We use the general concept of Instance to refer to nodes and links because both Instances have similar descriptions except that the link must reference a start and end node. Multiple node and link Instances may belong to a Scenario and represent a particular topological relationship (e.g., existing vs proposed infrastructure). Relevant to extensibility in Feature #1, many Scenarios can belong to a Master Network where a Network represents all the nodes and links that exist across its Scenarios (i.e., sub-networks). Similar to the grouping of Object Types and Attributes, a Category can group a subset of node or link Instances of an Object Type. For example, “Riverine” or “Floodplain” Categories may apply to particular links (not all) of a “stream” Object Type as in the WASH Model.
An Organization can have many People and a Person can create one or many Methods or Sources (Feature #4) (Figure 2, orange entities). Besides the Attribute name that represent “what” and the Instance name that represent “where”, WaMDaM supports four essential key metadata to interpret data values: i) the Source of the Data Value (i.e., one source or method for the time series values) and ii) the Method used to create the Data Value and its type (e.g., how measured, derived, modeled). Further, the iii) Organization and iv) People who created the element Data Value as part of the Source and Method. People and Organization may differ for Sources and Methods. For example, “the United States Geological Survey (USGS)” is the Organization that served the Source to the US Dams Dataset. The US Army Corps of Engineers is the Organization who created the Method to estimate dam elevation in the US Dams Dataset. Lastly, iv) WaMDaM requires the Unit of Data Values as property to an Attribute at the Object Type level, which enforces the same Unit for an Attribute of all Instances. Thus, WaMDaM enforces unit consistency across Instances of the same Attribute as required by most of the investigated models. Specifying methods and Sources is also required for each node or link instance. A direct metadata support for Attributes and Instances guides users to consistently document, access, and reuse metadata for each of them. We recognize that there is a potential for a more complex or specific representation of metadata as in ODM2 and the Dublin Core Metadata Initiative (Horsburgh et al., 2016). However, too much metadata can discourage users and too little metadata can be insufficient to correctly interpret data. We attempted to balance between the principles and practicality of metadata usage as recommended by Duval et al. (2002).
Similar to the Unit, each Attribute of an Object Type has one Attribute Data Type (dual values, numeric, seasonal, etc.) that applies to all the Object’s Instances.

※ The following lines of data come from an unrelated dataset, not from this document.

definition share_hyperface :: "tagged \<Rightarrow> tagged \<Rightarrow> bool" where
  "share_hyperface t t' \<longleftrightarrow> card (set (fst t) \<inter> set (fst t')) = 4"

definition reflected_neighbors :: "tagged \<Rightarrow> tagged \<Rightarrow> bool" where
  "reflected_neighbors t t' \<longleftrightarrow> share_hyperface t t' \<and> snd t = snd t' \<and>
     (agree_but_one (fst t) (fst t') \<or> agree_but_one (fst (reflect t)) (fst t'))"

definition consistently_tagged :: "tagged \<Rightarrow> tagged \<Rightarrow> bool" where
  "consistently_tagged t t' \<longleftrightarrow> snd t = snd t' \<and> share_hyperface t t' \<and>
     (let F = set (fst t) \<inter> set (fst t') in
      if {fst t ! 0, fst t ! 4} \<subseteq> F \<or> {fst t' ! 0, fst t' ! 4} \<subseteq> F
      then reflected_neighbors t t'
      else (\<exists>c\<in>bisect_children t. \<exists>c'\<in>bisect_children t'.
              F \<subseteq> set (fst c) \<and> F \<subseteq> set (fst c') \<and> reflected_neighbors c c'))"

definition is_tag :: "pt4 set \<Rightarrow> tagged \<Rightarrow> bool" where
  "is_tag P t \<longleftrightarrow> length (fst t) = 5 \<and> distinct (fst t) \<and> set (fst t) = P \<and> snd t < 4"

definition consistent_tagging :: "pt4 set set \<Rightarrow> (pt4 set \<Rightarrow> tagged) \<Rightarrow> bool" where
  "consistent_tagging Pm tg \<longleftrightarrow>
     (\<forall>P\<in>Pm. is_tag P (tg P)) \<and>
     (\<forall>P\<in>Pm. \<forall>Q\<in>Pm. P \<noteq> Q \<and> card (P \<inter> Q) = 4 \<longrightarrow> consistently_tagged (tg P) (tg Q))"

end

theory Submission
  imports Defs
begin

(*
  Over a tetrahedron T with vertices v_A, v_B, v_C, v_D, list the vertices of its prism column
  as the sequence
    psi s_0 v_D, psi s_0 v_C, psi s_0 v_B, psi s_0 v_A, psi s_1 v_D, psi s_1 v_C, ...
  The pentatopes tau_1, ..., tau_4 of slab i are exactly the windows of five consecutive points
  starting at positions 4i, ..., 4i+3, so every pentatope is tagged by its window, with type 0.
  The position of a point in the sequence is determined by its time slice and its colour, hence
  a vertex shared by two pentatopes has the same position in both sequences. Two pentatopes with
  a common hyperface are therefore either consecutive windows of one column, where neither
  refinement edge lies in the common hyperface and the two children containing it are reflected
  neighbours, or windows at the same position in two columns that differ in exactly one interior
  point, where the pentatopes themselves are reflected neighbours.
*)

lemma eq_if_mod_eq_in_interval:
  fixes i j n k :: nat
  assumes "i mod k = j mod k" "i \<in> {n..<n+k}" "j \<in> {n..<n+k}"
  shows "i = j"
proof -
  have no_gap: "\<not> a div k < b div k"
    if "a mod k = b mod k" "a \<in> {n..<n+k}" "b \<in> {n..<n+k}" for a b
  proof
    assume "a div k < b div k"
    then have "k * (a div k) + k \<le> k * (b div k)"
      by (metis Suc_leI mult_Suc_right mult_le_mono2 add.commute)
    then have "a + k \<le> b"
      using that(1) mult_div_mod_eq[of k a] mult_div_mod_eq[of k b] by linarith
    then show False
      using that(2,3) by simp
  qed
  then have "i div k = j div k"
    using assms by (metis nat_neq_iff)
  then show ?thesis
    using assms(1) by (metis div_mult_mod_eq)
qed

lemma strict_mono_on_atMost_if_Suc:
  fixes s :: "nat \<Rightarrow> 'a :: order"
  assumes "\<forall>i<M. s i < s (Suc i)"
  shows "strict_mono_on {..M} s"
proof (rule strict_mono_onI)
  fix i j assume "i \<in> {..M}" "j \<in> {..M}" "i < j"
  then have "Suc i \<le> j" "j \<le> M" by simp_all
  from \<open>Suc i \<le> j\<close> show "s i < s j"
  proof (induction rule: dec_induct)
    case base
    then show ?case using assms \<open>Suc i \<le> j\<close> \<open>j \<le> M\<close> by simp
  next
    case (step n)
    then have "s n < s (Suc n)" using assms \<open>j \<le> M\<close> by simp
    with step.IH show ?case by (rule less_trans)
  qed
qed

section \<open>Colours\<close>

lemma UNIV_colour: "(UNIV :: colour set) = {cA, cB, cC, cD}"
  using colour.exhaust by auto

lemma finite_UNIV_colour: "finite (UNIV :: colour set)"
  and card_UNIV_colour: "card (UNIV :: colour set) = 4"
  by (simp_all add: UNIV_colour)

lemma colour_set_eq_UNIV: "card (C :: colour set) = 4 \<Longrightarrow> C = UNIV"
  by (metis card_UNIV_colour card_subset_eq finite_UNIV_colour subset_UNIV)

lemma col_vtx:
  assumes "card T = 4" "inj_on col T"
  shows "col (vtx col T c) = c"
proof -
  have "col ` T = UNIV"
    using assms by (simp add: colour_set_eq_UNIV card_image)
  then obtain v where "v \<in> T" "col v = c"
    by (metis UNIV_I imageE)
  with assms(2) have "\<exists>!v. v \<in> T \<and> col v = c"
    by (auto dest: inj_onD)
  then show ?thesis
    unfolding vtx_def by (rule theI'[THEN conjunct2])
qed

definition colour_cycle :: "nat \<Rightarrow> colour" where
  "colour_cycle j = [cD, cC, cB, cA] ! (j mod 4)"

lemma mod_4_cases: "(j::nat) mod 4 \<in> {0, 1, 2, 3}"
  by auto

lemma colour_cycle_eq_iff: "colour_cycle i = colour_cycle j \<longleftrightarrow> i mod 4 = j mod 4"
  using mod_4_cases[of i] mod_4_cases[of j] by (auto simp: colour_cycle_def)

lemma colour_cycle_add_4 [simp]: "colour_cycle (j + 4) = colour_cycle j"
  by (simp add: colour_cycle_eq_iff)

lemma colour_cycle_Suc_neq: "colour_cycle (Suc j) \<noteq> colour_cycle j"
  unfolding colour_cycle_eq_iff by (simp add: mod_Suc)

lemma colour_cycle_image_interval: "colour_cycle ` {n..<n+4} = UNIV"
proof (rule colour_set_eq_UNIV)
  have "inj_on colour_cycle {n..<n+4}"
  proof (rule inj_onI)
    fix i j assume "i \<in> {n..<n+4}" "j \<in> {n..<n+4}" "colour_cycle i = colour_cycle j"
    then show "i = j"
      using eq_if_mod_eq_in_interval[where i = i and j = j and n = n and k = 4]
      by (simp add: colour_cycle_eq_iff)
  qed
  then show "card (colour_cycle ` {n..<n+4}) = 4"
    by (simp add: card_image)
qed
text \<open>Take g in the blade of x with maximal cyclic subgroup: anything in the blade shares
  a cyclic subgroup with g, whose generator again lies in the blade, and maximality
  makes g a generator of the whole blade.\<close>
lemma windmill_nbhd_powers:
  assumes x: "x \<in> carrier G - ep_dominating G"
  shows "\<exists>g\<in>carrier G. ep_nbhd G x = powers G g"
proof -
  let ?S = "ep_nbhd G x - ep_dominating G"
  have clique: "clique (common_cyclic G) (ep_nbhd G x)"
    and same: "\<And>y. y \<in> ?S \<Longrightarrow> ep_nbhd G y = ep_nbhd G x"
    using windmill x unfolding windmill_def by blast+
  have "x \<in> ?S" using x common_cyclic_refl by (auto simp: closed_nbhd_def)
  then obtain g where gS: "g \<in> ?S"
    and maximal: "\<And>c. c \<in> ?S \<Longrightarrow> powers G g \<subseteq> powers G c \<Longrightarrow> powers G c = powers G g"
    using ex_maximal_powers[OF fin, of ?S] closed_nbhd_subset[of "carrier G" "common_cyclic G" x] by blast
  have gG: "g \<in> carrier G" using gS by (simp add: closed_nbhd_def)
  have "ep_nbhd G x \<subseteq> powers G g"
  proof
    fix a assume a: "a \<in> ep_nbhd G x"
    obtain c where c: "c \<in> carrier G" "g \<in> powers G c" "a \<in> powers G c"
      using clique gS a by (auto simp: clique_def common_cyclic_def)
    have "c \<notin> ep_dominating G" using powers_ep_dominating c(2) gS by blast
    moreover have "c \<in> ep_nbhd G g"
      using c powers_self by (auto simp: closed_nbhd_def common_cyclic_def)
    ultimately have "c \<in> ?S" using same[OF gS] by simp
    then show "a \<in> powers G g" using maximal powers_mono[OF c(1,2)] c(3) by blast
  qed
  moreover have "powers G g \<subseteq> ep_nbhd G x" using powers_subset_ep_nbhd[OF gG] same[OF gS] by simp
  ultimately show ?thesis using gG by blast
qed

lemma windmill_dominating_powers: "\<exists>d\<in>carrier G. ep_dominating G = powers G d"
proof -
  obtain x y where x: "x \<in> carrier G - ep_dominating G" and y: "y \<in> carrier G - ep_dominating G"
    and meet: "ep_nbhd G x \<inter> ep_nbhd G y = ep_dominating G"
    using windmill unfolding windmill_def by blast
  obtain g h where g: "g \<in> carrier G" "ep_nbhd G x = powers G g"
    and h: "h \<in> carrier G" "ep_nbhd G y = powers G h"
    using windmill_nbhd_powers[OF x] windmill_nbhd_powers[OF y] by blast
  have "subgroup (ep_dominating G) G"
    using subgroup_Int[OF powers_subgroup[OF g(1)] powers_subgroup[OF h(1)]] meet g(2) h(2) by simp
  moreover have "ep_dominating G \<subseteq> powers G g" using meet g(2) by blast
  ultimately obtain d where "d \<in> ep_dominating G" "ep_dominating G = powers G d"
    using subgroup_of_powers_is_powers[OF _ g(1)] by blast
  then show ?thesis by (auto simp: dominating_set_def)
qed

lemma windmill_dominating_subgroup: "subgroup (ep_dominating G) G"
  using windmill_dominating_powers powers_subgroup by metis

lemma windmill_square_dominating:
  assumes x: "x \<in> carrier G"
  shows "x \<otimes> x \<in> ep_dominating G"
proof (cases "x \<in> ep_dominating G")
  case True
  then show ?thesis using windmill_dominating_subgroup by (simp add: subgroup.m_closed)
next
  case False
  then obtain g where g: "g \<in> carrier G" "ep_nbhd G x = powers G g"
    using windmill_nbhd_powers x by blast
  have "x \<in> carrier G - ep_dominating G" using x False by blast
  then have "card (ep_nbhd G x) = 2 * n" "card (ep_dominating G) = n"
    using windmill unfolding windmill_def by blast+
  moreover have "x \<in> ep_nbhd G x" using x common_cyclic_refl by (simp add: closed_nbhd_def)
  ultimately show ?thesis
    using square_mem_index_two_subgroup[OF powers_subgroup[OF g(1)] _ windmill_dominating_subgroup]
      ep_dominating_subset_nbhd[OF x] g fin powers_subset_carrier rev_finite_subset
    by metis
qed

The Mappings bridge table connects the Attribute with an Instance and its DataValues through the DataValuesMapper bridge table (Feature #5) (Figure 1 red entities; Table 1). Data Values are organized and accessed separately based on their Type to reinforce the persistency and guide users to only populate or query relevant data values.
Table 1: Supported data types, their definitions, and examples in water resources systems models (Feature #5)
Controlled vocabularies (Feature #6) encourage modelers to use common terms for key Object Type, Attribute, and Instance entities (Figure 2, purple outlines). Users may retain their own native terms for each Instance and have the option to relate native terms to suggested Controlled Vocabularies to cross-reference and support searching. For example, the controlled term “reservoir” relates the native term “water body” used by the USGS Dataset a second native term “dam” used by the US Army Corps of Engineers dataset. Thus, a query for “reservoir” can return data for instances with the native terms reservoir, water body, and dam.